My nigga you've never played outer wilds?

LOL!

Lots of good varied well placed content.
Also hidden things.
Being able to skip parts and getting multiple story branches with hidden endings.
Also a couple of timed events with NPCs having their own stories.

Nobody is trying to make bad games on purpose, open world is already at its "best" because it is what works for most people. It's like asking how to make junk food not junk food. There's no point undoing it because it is exactly what they're going for.

Just make it like vanilla wow, i'd go further though and remove a lot of flight points so you spend more time traveling to places you want to go.

An open world game is fun when I can zoom past all of its content at max speed

I'm so glad none of you make videogames. A lampshade has more creativity than you.

The only high IQ anon in here, except for me of course.

You're a lot dumber than you realize you are, and don't understand game design on any level.

Elden Ring sold bazillion copies because it also didn't "understand game design". I never said that open world is the best thing ever, just that it works for most people. You might as well ask "how to make racing games better" and then suggest them to remove racing.

why is the top so cramped?

rpg fags who keep simplifying game design and reduce it to being a number go up game

I think you've got your wires crossed buddy, anybody who actually likes rpgs hates the AAA streamlined bullshit

Traveling npcs

So exactly the person anon is describing?

ER sold well because of From's name and marketing hype.

Right.
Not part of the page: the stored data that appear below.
definition is_dba :: "('q, 'a::finite) dba \<Rightarrow> bool" where
  "is_dba A \<longleftrightarrow> finite (states A) \<and> init A \<in> states A
     \<and> (\<forall>q\<in>states A. \<forall>a. trans A q a \<in> states A)
     \<and> acc A \<subseteq> states A
     \<and> (\<forall>q\<in>states A. \<exists>u. trans_star (trans A) (init A) u = q)"

fun run :: "('q, 'a) dba \<Rightarrow> 'a word \<Rightarrow> nat \<Rightarrow> 'q" where
  "run A w 0 = init A"
| "run A w (Suc n) = trans A (run A w n) (w n)"

definition dba_lang :: "('q, 'a) dba \<Rightarrow> 'a word set" where
  "dba_lang A = {w. \<exists>q\<in>acc A. \<exists>\<^sub>\<infinity> n. run A w n = q}"

definition reach :: "('q, 'a) dba \<Rightarrow> 'q \<Rightarrow> 'q \<Rightarrow> bool" where
  "reach A p q \<longleftrightarrow> (\<exists>u. trans_star (trans A) p u = q)"

definition strongly_connected :: "('q, 'a) dba \<Rightarrow> 'q set \<Rightarrow> bool" where
  "strongly_connected A C \<longleftrightarrow> C \<subseteq> states A \<and> C \<noteq> {} \<and> (\<forall>p\<in>C. \<forall>q\<in>C. reach A p q)"

definition max_scc :: "('q, 'a) dba \<Rightarrow> 'q set \<Rightarrow> bool" where
  "max_scc A C \<longleftrightarrow> strongly_connected A C
     \<and> (\<forall>C'. strongly_connected A C' \<and> C \<subseteq> C' \<longrightarrow> C' = C)"
locale scenario2 =
  fixes n :: nat
    and vl vh :: "nat \<Rightarrow> real"
    and el eh :: "nat \<Rightarrow> nat \<Rightarrow> real"
    and F :: "nat \<Rightarrow> btype measure"
    and x p :: "profile \<Rightarrow> nat \<Rightarrow> real"
  assumes bounds_eta: "\<And>i j. i < n \<Longrightarrow> j < n \<Longrightarrow> j \<noteq> i \<Longrightarrow> 0 \<le> el j i \<and> el j i \<le> eh j i"
    and prior: "\<And>i. i < n \<Longrightarrow> prob_space (F i)"
    and prior_space: "\<And>i. i < n \<Longrightarrow> space (F i) = type_set n vl vh el eh i"
    and eta_meas: "\<And>i j. i < n \<Longrightarrow> j < n \<Longrightarrow> j \<noteq> i \<Longrightarrow> (\<lambda>t. snd t j) \<in> borel_measurable (F i)"
    and x_range: "\<And>t i. i < n \<Longrightarrow> 0 \<le> x t i \<and> x t i \<le> 1"
    and x_meas: "\<And>i j th. i < n \<Longrightarrow> j < n \<Longrightarrow> th \<in> type_set n vl vh el eh i \<Longrightarrow>
        (\<lambda>s. x (s(i := th)) j) \<in> borel_measurable (PiM ({..<n} - {i}) F)"
    and p_integrable: "\<And>i th. i < n \<Longrightarrow> th \<in> type_set n vl vh el eh i \<Longrightarrow>
        integrable (PiM ({..<n} - {i}) F) (\<lambda>s. p (s(i := th)) i)"
begin

lemma prob_space_others: "i < n \<Longrightarrow> prob_space (PiM ({..<n} - {i}) F)"
  by (rule prob_space_PiM) (use prior in auto)

lemma integrable_allocation:
  assumes "i < n" "j < n" "th \<in> type_set n vl vh el eh i"
  shows "integrable (PiM ({..<n} - {i}) F) (\<lambda>s. x (s(i := th)) j)"
proof -
  interpret prob_space "PiM ({..<n} - {i}) F"
    using prob_space_others \<open>i < n\<close> .
  show ?thesis
    by (rule integrable_const_bound[where B=1]) (use x_range x_meas assms in auto)
qed

lemma integrable_externality:
  assumes i: "i < n" and j: "j \<in> {..<n} - {i}" and th: "th \<in> type_set n vl vh el eh i"
  shows "integrable (PiM ({..<n} - {i}) F) (\<lambda>s. snd ((s(i := th)) j) i * x (s(i := th)) j)"
proof -
  let ?M = "PiM ({..<n} - {i}) F"
  interpret prob_space ?M
    using prob_space_others i .
  have "(\<lambda>s. snd (s j) i) \<in> borel_measurable ?M"
    using measurable_compose[OF measurable_component_singleton[of j "{..<n} - {i}" F] eta_meas[of j i]] i j
    by auto
  moreover have "(\<lambda>s. x (s(i := th)) j) \<in> borel_measurable ?M"
    using x_meas i j th by auto
  moreover have "\<bar>snd (s j) i * x (s(i := th)) j\<bar> \<le> eh i j" if "s \<in> space ?M" for s
  proof -
    have "s j \<in> space (F j)"
      using that j by (auto simp: space_PiM)
    then have "snd (s j) \<in> Eta_set n el eh j"
      using prior_space j by (auto simp: type_set_def)
    moreover have "i \<in> {..<n} - {j}"
      using i j by auto
    ultimately have eta: "snd (s j) i \<in> {el i j .. eh i j}"
      unfolding Eta_set_def by (rule PiE_mem)
    have "0 \<le> el i j"
      using bounds_eta[of j i] i j by auto
    then have "0 \<le> snd (s j) i" "snd (s j) i \<le> eh i j"
      using eta by auto
    moreover have "0 \<le> x (s(i := th)) j" "x (s(i := th)) j \<le> 1"
      using x_range j by auto
    ultimately show ?thesis
      using mult_left_le[of "x (s(i := th)) j" "snd (s j) i"] by (simp add: abs_mult)
  qed
  ultimately have "integrable ?M (\<lambda>s. snd (s j) i * x (s(i := th)) j)"
    by (intro integrable_const_bound[where B="eh i j"]) auto
  then show ?thesis
    using j by simp
qed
And had nothing to do with the whole huge open world thing where you can loot mushrooms from cloned caves.

Empty space is bad space, no matter how fast you move through it.
If the environment has hundreds of meters between points of interest, it better be because there are huge armies fighting (of which you have the option to join or sneak around), complex terrain to navigate in interesting ways, NPCs constantly spawning all over the place, and/or it has guns and you're making long range shots at distant enemies. The space itself needs to have purpose, otherwise you're just putting a band-aid over it by going faster across it.

More than simply speed, navigation should have player engagement and even strategic potential such as going through a tower dungeon and getting to the top so you can hang-glide and land somewhere useful (example: Enshrouded), or an alternative route that requires techniques like wall running to get somewhere faster and from a more opportune angle. Simply traversing over obstacles directly ala something like Assassin's Creed or scaling up walls ala BOTW is UNengaging because it's basically autopilot.

Empty space makes active space feel more active.